The theme of the 2015 CILIP Cymru Wales conference was ‘Ready for business’ and there definitely seemed to be a positive and energetic vibe during the two days of the conference.

The programme on both days was very full and I have decided against a detailed review of all the sessions – that would take far too long to write and read! Instead I thought I’d present a mix of nuggets I picked up from speakers, things to ponder, conference tips, and some general personal ramblings. Hopefully you might find one or two things of interest and/or you might want to skim the Twitter feed. In no particular order:


  1. A memorandum of understanding between a library service and other departments/organisations can be very beneficial to progress specific projects.
  2. When planning a hackathon or other similar techie events the key ingredients are: a theme; a suitable space; people (to join in; experts to help out); Wi-Fi & lots of power and plug sockets; publicity; food; and rewards.
  3. Send your boss an email every week to say what you’ve done that week and how it has supported the organisation’s strategy and goals.
  4. Always be ‘meeting ready’ in dress-code, either in person or in back-up options kept in a locker.
  5. Gamification (i.e. introducing elements from the gaming world into the real world; or better put as ‘using game mechanics to reward employees and customers‘) works with library users – encourage them with rewards to use the library more or differently (see also no. 2 above). [NB the reward system is also good for training dogs although generally that’s based on doggie treats not printer credit, badges etc.]
  6. ‘Quick wins’ to introduce in libraries to help users/customers include ‘shopping baskets’ particularly for students who may be borrowing 10+ books at a time, and (recyclable) umbrella bags (particularly good for Wales I would have thought).
  7. It can be hard to innovate during a period of reduction, but it is important to remain optimistic and focused.
  8. Advocacy is an ongoing, all-the-time, activity/process.
  9. (Political) philosophical theories and ethics influence policy thinking, which in turn influences libraries. As philosophical theories fall in and out of flavour, libraries and their stakeholders should look at the current trends in political philosophy to talk about libraries in the same lingo as the policy makers. (I suggest you look at the presenter’s slides and a recent article about this if you want to know more, and read up on communitarianism as the current philosophy in flavour.)
  10. Mini-MOOCs can be delivered by a library service by adapting Creative Commons content to run bite-sized online training e.g. ‘10 days of Twitter‘ . You could also add some gamification ideas in to encourage people to keep going!

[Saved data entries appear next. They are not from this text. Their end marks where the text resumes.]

(* In the one-dimensional perturbed elephant random walk with stops, suppose $\epsilon+r\neq1$ and $\gamma=\frac{1+\epsilon r}{2}$. Then for all $t\ge1$ $$\mathbb{E}[X_t^2]=-\frac{t}{r(\epsilon+r)}-\frac{r\,\Gamma(t+1-\epsilon-r)}{(\epsilon+r)(\epsilon+r+\epsilon r)\Gamma(1-\epsilon-r)\Gamma(t)}+\frac{1}{\Gamma(1+\epsilon r)}\Big[\frac{1}{r(\epsilon+r)}+\frac{r}{(\epsilon+r)(\epsilon+r+\epsilon r)}\Big]\frac{\Gamma(t+1+\epsilon r)}{\Gamma(t)},$$ and hence $$\lim_{t\to\infty}\frac{\mathbb{E}[X_t^2]}{t^{1+\epsilon r}}=\frac{1}{\Gamma(1+\epsilon r)}\Big[\frac{1}{r(\epsilon+r)}+\frac{r}{(\epsilon+r)(\epsilon+r+\epsilon r)}\Big].$$
   Context: One-dimensional perturbed elephant random walk with stops (perturbed ERWS): fix $p,q,r\in(0,1)$ with $p+q+r=1$, $\epsilon\in(0,1)$ and $s\in(0,1)$, and set $\gamma=p-q$. The steps $\sigma_1,\sigma_2,\dots$ take values in $\{-1,0,1\}$, $X_0=0$ and $X_t=\sigma_1+\dots+\sigma_t$. The first step satisfies $P(\sigma_1=1)=s$, $P(\sigma_1=-1)=1-s$. For $t\ge1$, conditionally on $\sigma_1,\dots,\sigma_t$, an index $k\in\{1,\dots,t\}$ is chosen uniformly at random. If $\sigma_k=\pm1$, then $\sigma_{t+1}=\sigma_k$ with probability $p$, $\sigma_{t+1}=-\sigma_k$ with probability $q$, and $\sigma_{t+1}=0$ with probability $r$. If $\sigma_k=0$, then $\sigma_{t+1}=1$ with probability $\epsilon/2$, $\sigma_{t+1}=-1$ with probability $\epsilon/2$, and $\sigma_{t+1}=0$ with probability $1-\epsilon$. *)

theory Defs
  imports "HOL-Probability.Probability"
begin

text \<open>Conditional law of the next step sigma_{t+1}, given that the uniformly chosen
  remembered step is c (c in {-1,0,1}).\<close>
definition erws_next :: "real \<Rightarrow> real \<Rightarrow> real \<Rightarrow> real \<Rightarrow> int \<Rightarrow> int pmf" where
  "erws_next p q r eps c =
     (if c \<noteq> 0 then pmf_of_list [(c, p), (-c, q), (0, r)]
      else pmf_of_list [(1, eps/2), (-1, eps/2), (0, 1 - eps)])"

fun erws_steps :: "real \<Rightarrow> real \<Rightarrow> real \<Rightarrow> real \<Rightarrow> real \<Rightarrow> nat \<Rightarrow> int list pmf" where
  "erws_steps p q r eps s 0 = return_pmf []"
| "erws_steps p q r eps s (Suc 0) =
     map_pmf (\<lambda>b. [if b then 1 else -1]) (bernoulli_pmf s)"
| "erws_steps p q r eps s (Suc (Suc n)) =
     bind_pmf (erws_steps p q r eps s (Suc n)) (\<lambda>xs.
       map_pmf (\<lambda>y. xs @ [y])
         (bind_pmf (pmf_of_set {0..<length xs}) (\<lambda>k. erws_next p q r eps (xs ! k))))"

  11. Never stop promoting library services – even to engineers who come to fix things in your house! (True story: @JLPwxm did this and when the guy came back a few days later to finish the work he and his family had all signed up to their local library!)

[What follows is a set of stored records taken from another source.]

lemma is_hom_trace_inf:
  "is_hom (PP Omega_inf) (Fs Omega_inf) (PP (Fs Omega_inf)) (lift_s Omega_inf) X \<alpha> kappa_inf (trace_inf X \<alpha>)"
  unfolding is_hom_inf_iff
proof (intro conjI ballI measurable_trace_inf)
  fix x assume x: "x \<in> space X"
  note unfold = emeasure_unfold_inf[OF measurable_trace_inf x]
  show "trace_inf X \<alpha> x = distr (bind (\<alpha> x) (lift_s Omega_inf (trace_inf X \<alpha>))) Omega_inf psi_inf"
  proof (rule measure_Omega_inf_eqI)
    show "finite_measure (trace_inf X \<alpha> x)"
      using prob_space_trace_inf[OF x] by (rule prob_space.finite_measure)
  next
    fix u show "emeasure (trace_inf X \<alpha> x) (C_inf u)
        = emeasure (distr (bind (\<alpha> x) (lift_s Omega_inf (trace_inf X \<alpha>))) Omega_inf psi_inf) (C_inf u)"
    proof (cases u)
      case Nil then show ?thesis using emeasure_trace_inf(2)[OF x, of "[]"] unfold(1) by simp
    next
      case (Cons a v) then show ?thesis
        using emeasure_trace_inf(2)[OF x] unfold(2)
        by simp (intro nn_integral_cong, simp add: emeasure_trace_inf)
    qed
  next
    fix u show "emeasure (trace_inf X \<alpha> x) {Fin u}
        = emeasure (distr (bind (\<alpha> x) (lift_s Omega_inf (trace_inf X \<alpha>))) Omega_inf psi_inf) {Fin u}"
    proof (cases u)
      case Nil then show ?thesis using emeasure_trace_inf(1)[OF x, of "[]"] unfold(3) by simp
    next
      case (Cons a v) then show ?thesis
        using emeasure_trace_inf(1)[OF x] unfold(4)
        by simp (intro nn_integral_cong, simp add: emeasure_trace_inf)
    qed
  qed simp_all
qed

end

subsection \<open>Type \<open>*\<close>: sub-probability measures on finite words\<close>

lemma SP_Omega_star: "SP Omega_star = subprob_algebra Omega_star"
  by (rule SP_eq_subprob_algebra) simp

lemma measurable_kappa_star:
  "kappa_star \<in> measurable Omega_star (subprob_algebra (Fs Omega_star :: ('a::finite \<times> 'a list + unit) measure))"
  unfolding kappa_star_def[abs_def] by (rule measurable_compose[OF measurable_phi_star return_measurable])

definition trace_star :: "'x measure \<Rightarrow> ('x \<Rightarrow> (('a::finite \<times> 'x) + unit) measure) \<Rightarrow> 'x \<Rightarrow> 'a list measure" where
  "trace_star X \<alpha> x = code_word_measure (\<lambda>u. enn2real (tr_cyl_s X \<alpha> u x)) (\<lambda>u. enn2real (tr_single X \<alpha> u x))"

lemma sets_trace_star[simp]: "sets (trace_star X \<alpha> x) = sets Omega_star"
  by (simp add: trace_star_def)

context
  fixes X :: "'x measure" and \<alpha> :: "'x \<Rightarrow> (('a::finite \<times> 'x) + unit) measure"
  assumes \<alpha>: "\<alpha> \<in> measurable X (SP (Fs X))"
begin

lemma subprob_kernel_star: "\<alpha> \<in> measurable X (subprob_algebra (Fs X))"
  using \<alpha> by (simp add: SP_Fs)

lemma subprob_kernel_star_at: "x \<in> space X \<Longrightarrow> sets (\<alpha> x) = sets (Fs X) \<and> space (\<alpha> x) \<noteq> {}"
  by (simp add: sets_kernel[OF subprob_kernel_star] subprob_space.subprob_not_empty
      subprob_space_kernel[OF subprob_kernel_star])

lemma is_hom_star_iff:
  "is_hom (SP Omega_star) (Fs Omega_star) (SP (Fs Omega_star)) (lift_s Omega_star) X \<alpha> kappa_star h \<longleftrightarrow>
    h \<in> measurable X (subprob_algebra Omega_star) \<and>
    (\<forall>x\<in>space X. h x = distr (bind (\<alpha> x) (lift_s Omega_star h)) Omega_star psi_star)"
  unfolding SP_Omega_star SP_Fs
  by (rule is_hom_iff_fixpoint[OF refl _ kappa_star_def measurable_kappa_star measurable_phi_star
        measurable_psi_star psi_phi_star phi_psi_star measurable_emeasure_subprob_algebra])
     (simp_all add: measurable_lift_s subprob_kernel_star_at)

lemma emeasure_unfold_star:
  assumes h: "h \<in> measurable X (subprob_algebra Omega_star)" and x: "x \<in> space X"
  defines "M \<equiv> distr (bind (\<alpha> x) (lift_s Omega_star h)) Omega_star psi_star"
  shows "emeasure M {[]} = emeasure (\<alpha> x) {Inr ()}"
    and "emeasure M {a # v} = (\<integral>\<^sup>+ y. emeasure (h y) {v} \<partial>Pa_s X \<alpha> a x)"
proof -
  let ?B = "bind (\<alpha> x) (lift_s Omega_star h)"
  have ax: "sets (\<alpha> x) = sets (Fs X)" "space (\<alpha> x) \<noteq> {}" using subprob_kernel_star_at[OF x] by simp_all
  have "lift_s Omega_star h \<in> measurable (\<alpha> x) (subprob_algebra (Fs Omega_star))"
    using measurable_lift_s[OF h] ax(1) by (simp cong: measurable_cong_sets)
  then have B: "sets ?B = sets (Fs Omega_star)" using ax(2) by (rule sets_bind_measurable)
  have psi: "psi_star \<in> measurable ?B Omega_star"
    using measurable_psi_star B by (simp cong: measurable_cong_sets)
  have space: "space ?B = UNIV" using sets_eq_imp_space_eq[OF B] by (simp add: space_Fs_Omega_star)
  have M: "emeasure M {u} = emeasure ?B (psi_star -` {u})" for u
    unfolding M_def using emeasure_distr[OF psi singleton_in_sets_Omega_star] by (simp add: space)
  show "emeasure M {[]} = emeasure (\<alpha> x) {Inr ()}"
    by (simp add: M vimage_psi_star_Nil emeasure_bind_lift_s_Inr[where \<alpha>=\<alpha> and x=x, OF ax h])
  show "emeasure M {a # v} = (\<integral>\<^sup>+ y. emeasure (h y) {v} \<partial>Pa_s X \<alpha> a x)"
    using emeasure_bind_lift_s_Inl[where \<alpha>=\<alpha> and x=x, OF ax h singleton_in_sets_Omega_star[of v], of a]
    by (simp add: M vimage_psi_star_Cons)
qed

lemma is_hom_star_emeasure:
  assumes hom: "is_hom (SP Omega_star) (Fs Omega_star) (SP (Fs Omega_star)) (lift_s Omega_star) X \<alpha> kappa_star h"
    and x: "x \<in> space X"
  shows "emeasure (h x) {u} = tr_single X \<alpha> u x"
proof -
  from hom have h: "h \<in> measurable X (subprob_algebra Omega_star)"
    and fp: "\<And>x. x \<in> space X \<Longrightarrow> h x = distr (bind (\<alpha> x) (lift_s Omega_star h)) Omega_star psi_star"
    by (auto simp: is_hom_star_iff)
  show ?thesis using x
  proof (induction u arbitrary: x)
    case Nil then show ?case using emeasure_unfold_star(1)[OF h] fp by simp
  next
    case (Cons a v)
    have "emeasure (h x) {a # v} = (\<integral>\<^sup>+ y. emeasure (h y) {v} \<partial>Pa_s X \<alpha> a x)"
      using fp[OF Cons.prems] emeasure_unfold_star(2)[OF h Cons.prems] by simp
    also have "\<dots> = tr_single X \<alpha> (a # v) x"
      by (simp only: tr_single.simps) (intro nn_integral_cong, simp add: Cons.IH)
    finally show ?case .
  qed
qed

  12. It is possible to base a presentation about audience development entirely around sunflowers, and keep your audience engaged.

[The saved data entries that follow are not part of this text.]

lemma norm_diff_power2_le:
  fixes x y :: "'v::real_inner"
  shows "(norm (x - y))\<^sup>2 \<le> 2 * (norm x)\<^sup>2 + 2 * (norm y)\<^sup>2"
proof -
  have "(norm (x - y))\<^sup>2 + (norm (x + y))\<^sup>2 = 2 * (norm x)\<^sup>2 + 2 * (norm y)\<^sup>2"
    by (simp add: power2_norm_eq_inner inner_add_left inner_add_right inner_diff_left
        inner_diff_right inner_commute)
  then show ?thesis
    by (smt (verit) zero_le_power2)
qed

lemma sum_norm_diff_mean_le:
  fixes e :: "'i \<Rightarrow> 'v::real_inner"
  assumes "finite I"
  shows "(\<Sum>t\<in>I. (norm (e t - (1 / real (card I)) *\<^sub>R (\<Sum>u\<in>I. e u)))\<^sup>2) \<le> (\<Sum>t\<in>I. (norm (e t))\<^sup>2)"
proof (cases "I = {}")
  case False
  define n where "n = real (card I)"
  define m where "m = (1 / n) *\<^sub>R (\<Sum>u\<in>I. e u)"
  have "n > 0" using assms False by (simp add: n_def card_gt_0_iff)
  then have sum_e: "(\<Sum>u\<in>I. e u) = n *\<^sub>R m" by (simp add: m_def)
  have "(\<Sum>t\<in>I. (norm (e t - m))\<^sup>2) = (\<Sum>t\<in>I. (norm (e t))\<^sup>2 - 2 * (e t \<bullet> m) + (norm m)\<^sup>2)"
    by (intro sum.cong) (simp_all add: power2_norm_eq_inner inner_diff_left inner_diff_right inner_commute)
  also have "\<dots> = (\<Sum>t\<in>I. (norm (e t))\<^sup>2) - 2 * ((\<Sum>u\<in>I. e u) \<bullet> m) + n * (norm m)\<^sup>2"
    by (simp add: sum.distrib sum_subtractf sum_distrib_left[symmetric] inner_sum_left n_def)
  also have "\<dots> = (\<Sum>t\<in>I. (norm (e t))\<^sup>2) - n * (norm m)\<^sup>2"
    by (simp add: sum_e power2_norm_eq_inner)
  also have "\<dots> \<le> (\<Sum>t\<in>I. (norm (e t))\<^sup>2)"
    using \<open>n > 0\<close> by simp
  finally show ?thesis by (simp add: m_def n_def)
qed simp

  13. Always wear your most comfortable shoes for a conference, unless you are applying point no. 4 above.
  14. Always have a spare pair of tights with you, especially if you are applying point no. 4 above.
  15. If meat-eating delegates in the conference dinner choose the vegetarian dish, it could lead to melongate.
  16. Always check out the facilities at, and location of, the conference hotel so that you can make the most of the pool or beach. (Or both in this case.) (Outside the hours of the conference programme of course.)

Overall, the conference seemed to have a ‘ready for action’ and uplifting buzz and there was lots of mention of working together, particularly from the overall winner of the Welsh Librarian of the Year award Mark Hughes from Swansea University library.

[Points 1-11 are points by speakers, the remaining ones are just my notes!]